Old Dominion survives UMass rally and rolls to win
BY PAUL WHITE
NORFOLK, Va. - There were three chapters in the football game played by the University of Massachusetts Saturday night, and Old Dominion won two of them.
The Monarchs dominated the first one, the Minutemen owned the second and Old Dominion wrestled away the third en route to a 48-33 victory before 19,818 fans at sold-out S.B. Ballard Stadium.
UMass (2-2) fell into a 25-0 first-half hole, responded with 26 unanswered points and then surrendered 23 straight to drop their second consecutive game.
"They didn't do anything we weren't expecting, anything spectacular," Minuteman linebacker Tyler Holmes said. "They just made more big plays than we did."
That was especially true early.
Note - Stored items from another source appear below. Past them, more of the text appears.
(* Consider a discrete memoryless wiretap channel with finite input alphabet $\mathcal{X}$, finite output alphabets $\mathcal{Y},\mathcal{Z}$, main channel $p(y|x)$ and eavesdropper channel $p(z|x)$. For $\mu\ge 0$ let $$\Phi(\mu)=\sup\ \big[\mu I(V;Y)+I(V;Y|U)-I(V;Z|U)\big],$$ the supremum being over all finite-alphabet random variables $U,V$ and input $X$ forming a Markov chain $U\to V\to X\to (Y,Z)$ (with $Y$, $Z$ generated from $X$ through $p(y|x)$, $p(z|x)$). (i) If $p(y|x)$ is more capable than $p(z|x)$, then for every $\mu\ge 0$, $$\Phi(\mu)=\max_{U\to X\to (Y,Z),\ |\mathcal{U}|\le|\mathcal{X}|}\big[\mu I(X;Y)+I(X;Y|U)-I(X;Z|U)\big],$$ i.e. the choice $V=X$ is optimal for every point of the boundary of the rate-equivocation region, and an optimal $U$ with alphabet size at most $|\mathcal{X}|$ exists. (ii) Conversely, suppose $p(y|x)$ is not more capable than $p(z|x)$ and that $f(P_x)=I(X;Y)-I(X;Z)$ attains its maximum over the simplex of input distributions at some $P_x^*$ with all entries strictly positive. Then $V=X$ is strictly suboptimal: there exists a finite-alphabet $V$ with $V\to X\to(Y,Z)$ such that $$I(V;Y)-I(V;Z)>\max_{P_x}\big[I(X;Y)-I(X;Z)\big].$$
   Context: For an input distribution $P_x$ on $\mathcal{X}$, $I(X;Y)$ and $I(X;Z)$ denote the mutual informations when $X\sim P_x$ is sent over $p(y|x)$ and $p(z|x)$ respectively. The channel $p(y|x)$ is called more capable than $p(z|x)$ if $I(X;Y)-I(X;Z)\ge 0$ for every input distribution $P_x$. The upper right boundary of the (convex) rate-equivocation region of the wiretap channel is traced by the values $\Phi(\mu)$, $\mu\ge0$ (Csiszár–Körner characterization); in particular $\Phi(0)$ is the secrecy capacity $C_s=\sup_{V\to X\to(Y,Z)}[I(V;Y)-I(V;Z)]$. *)

theory Defs
  imports Complex_Main
begin

(* Finite pmf's are represented as nonnegative real functions on finite sets summing to 1.
   Logarithms are base 2; terms with zero probability contribute 0. *)

definition is_pmf :: "'a set \<Rightarrow> ('a \<Rightarrow> real) \<Rightarrow> bool" where
  "is_pmf A p \<longleftrightarrow> (\<forall>a\<in>A. 0 \<le> p a) \<and> sum p A = 1"

definition channel :: "('x::finite \<Rightarrow> 'y::finite \<Rightarrow> real) \<Rightarrow> bool" where
  "channel W \<longleftrightarrow> (\<forall>x. is_pmf UNIV (W x))"

definition mi :: "'b set \<Rightarrow> 'c set \<Rightarrow> ('b \<Rightarrow> 'c \<Rightarrow> real) \<Rightarrow> real" where
  "mi B C p = (\<Sum>b\<in>B. \<Sum>c\<in>C.
      if p b c = 0 then 0
      else p b c * log 2 (p b c / ((\<Sum>c'\<in>C. p b c') * (\<Sum>b'\<in>B. p b' c))))"

definition cmi :: "'a set \<Rightarrow> 'b set \<Rightarrow> 'c set \<Rightarrow> ('a \<Rightarrow> 'b \<Rightarrow> 'c \<Rightarrow> real) \<Rightarrow> real" where
  "cmi A B C r = (\<Sum>a\<in>A. \<Sum>b\<in>B. \<Sum>c\<in>C.
      if r a b c = 0 then 0
      else r a b c * log 2 (r a b c * (\<Sum>b'\<in>B. \<Sum>c'\<in>C. r a b' c') /
             ((\<Sum>c'\<in>C. r a b c') * (\<Sum>b'\<in>B. r a b' c))))"

(* objective  mu I(V;Y) + I(V;Y|U) - I(V;Z|U)  for a joint pmf q(u,v,x) of (U,V,X)
   on A \<times> B \<times> 'x, with Y and Z produced from X through W and Wz *)
definition obj :: "real \<Rightarrow> ('x::finite \<Rightarrow> 'y::finite \<Rightarrow> real) \<Rightarrow> ('x \<Rightarrow> 'z::finite \<Rightarrow> real)
                   \<Rightarrow> 'u set \<Rightarrow> 'v set \<Rightarrow> ('u \<Rightarrow> 'v \<Rightarrow> 'x \<Rightarrow> real) \<Rightarrow> real" where
  "obj mu W Wz A B q =
     mu * mi B UNIV (\<lambda>v y. \<Sum>u\<in>A. \<Sum>x\<in>UNIV. q u v x * W x y)
     + cmi A B UNIV (\<lambda>u v y. \<Sum>x\<in>UNIV. q u v x * W x y)
     - cmi A B UNIV (\<lambda>u v z. \<Sum>x\<in>UNIV. q u v x * Wz x z)"

(* Phi(mu): supremum over finite-alphabet U \<rightarrow> V \<rightarrow> X, alphabets {..<m}, {..<n};
   the Markov chain is generated as p(u) p(v|u) p(x|v). *)
definition Phi :: "('x::finite \<Rightarrow> 'y::finite \<Rightarrow> real) \<Rightarrow> ('x \<Rightarrow> 'z::finite \<Rightarrow> real) \<Rightarrow> real \<Rightarrow> real" where
  "Phi W Wz mu = Sup {obj mu W Wz {..<m} {..<n} (\<lambda>u v x. pU u * pVU u v * pXV v x) |
      (m::nat) (n::nat) pU pVU pXV.
      is_pmf {..<m} pU \<and> (\<forall>u<m. is_pmf {..<n} (pVU u)) \<and> (\<forall>v<n. is_pmf UNIV (pXV v))}"

definition VX_values :: "('x::finite \<Rightarrow> 'y::finite \<Rightarrow> real) \<Rightarrow> ('x \<Rightarrow> 'z::finite \<Rightarrow> real) \<Rightarrow> real \<Rightarrow> real set" where
  "VX_values W Wz mu = {obj mu W Wz {..<m} (UNIV::'x set)
        (\<lambda>u v x. pU u * pXU u x * (if v = x then 1 else 0)) |
      (m::nat) pU pXU. m \<le> card (UNIV::'x set) \<and> is_pmf {..<m} pU \<and> (\<forall>u<m. is_pmf UNIV (pXU u))}"

definition IXY :: "('x::finite \<Rightarrow> real) \<Rightarrow> ('x \<Rightarrow> 'y::finite \<Rightarrow> real) \<Rightarrow> real" where
  "IXY P W = mi UNIV UNIV (\<lambda>x y. P x * W x y)"

definition more_capable :: "('x::finite \<Rightarrow> 'y::finite \<Rightarrow> real) \<Rightarrow> ('x \<Rightarrow> 'z::finite \<Rightarrow> real) \<Rightarrow> bool" where
  "more_capable W Wz \<longleftrightarrow> (\<forall>P. is_pmf UNIV P \<longrightarrow> IXY P W - IXY P Wz \<ge> 0)"

end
The Monarchs, who resumed their football program in 2009, were making their Colonial Athletic Association home debut, and they marked the occasion by digging deep into their reserve of gadget plays. Old Dominion (4-1. 1-1 CAA) recovered an onside kick, had quarterback Thomas DeMarco pooch punt out of the shotgun formation and scored a 2-point conversion when their holder flipped a lateral to the kicker # all before the game was 10 minutes old.
DeMarco also picked apart an injury-riddled UMass secondary. The Minutemen were without starting cornerback Mike Lee and starting safety Ed Saint-VII. Corner Antoine Sharp (hamstring) was seeing his first action since the season opener. UMass started the game with Quayshun Smith, a true freshman, in its nickel package.
With his receivers often breaking wide open, DeMarco passed for 219 yards and three touchdowns before leaving the game late in the first half with an ankle injury. The Monarchs then turned to true freshman Tyler Heinicke, and he delivered 119 more yards on 8-of-11 passing and two touchdowns, including a 56-yard scoring strike to Reid Evans.
Injuries are "always a factor, and they hit some deep balls on us," said Minuteman coach Kevin Morris. "But on some of those our guys were in good position. They just didn't make the play."
Added Holmes: "We had a little inexperience in that area, but we expect guys to step up and make plays."
With the game seemingly spiraling out of control, quarterback Kellen Pagel and running back Jonathan Hernandez led a furious UMass rally. Abandoning the Minutemen's standard approach for a no-huddle, up-tempo style, Pagel tossed a pair of touchdown passes in the final 2 minutes, 30 seconds of the first half to get UMass to within 25-12, then added a 20-yard scoring pass to Jesse Julmiste to make it a one-touchdown game.
When Hernandez completed the UMass scoring onslaught with an 8-yard TD run with 5:30 left in the third quarter, the Minutemen had stormed all the way back to lead 26-25.
The game turned for good at the 2:39 mark of the third quarter, when Jakwail Bailey blocked a punt out of bounds for an Old Dominion safety to nudge the Monarchs back in front.
Old Dominion promptly marched 65 yards with the ensuing free kick and cashed in when Heinicke hit Larry Pinkard with a 38-yard touchdown pass.
Later in the fourth quarter, Heinicke connected with a wide-open Evans and Tyree Lee capped the Monarchs' scoring with a 13-yard TD run.
Meanwhile, UMass lost the services of Pagel, who left the game in the fourth quarter with an undisclosed injury. Morris would only say that Pagel "is being evaluated."
Redshirt freshman Brandon Hill came on in relief of Pagel and threw an 11-yard touchdown pass to Marken Michel with 1:23 left in the game to end the night's scoring.
Pagel finished 25-of-40 passing for 245 yards, the three touchdowns and two interceptions. Hernandez ran for 131 yards on 25 carries.
"We came out kind of slow and gave them 25 points," Hernandez said. "It's all about focusing mentally and executing, and we didn't do that at first. It wasn't what they did. It was about us."
Old Dominion finished with 518 yards of total offense, to 423 for the Minutemen.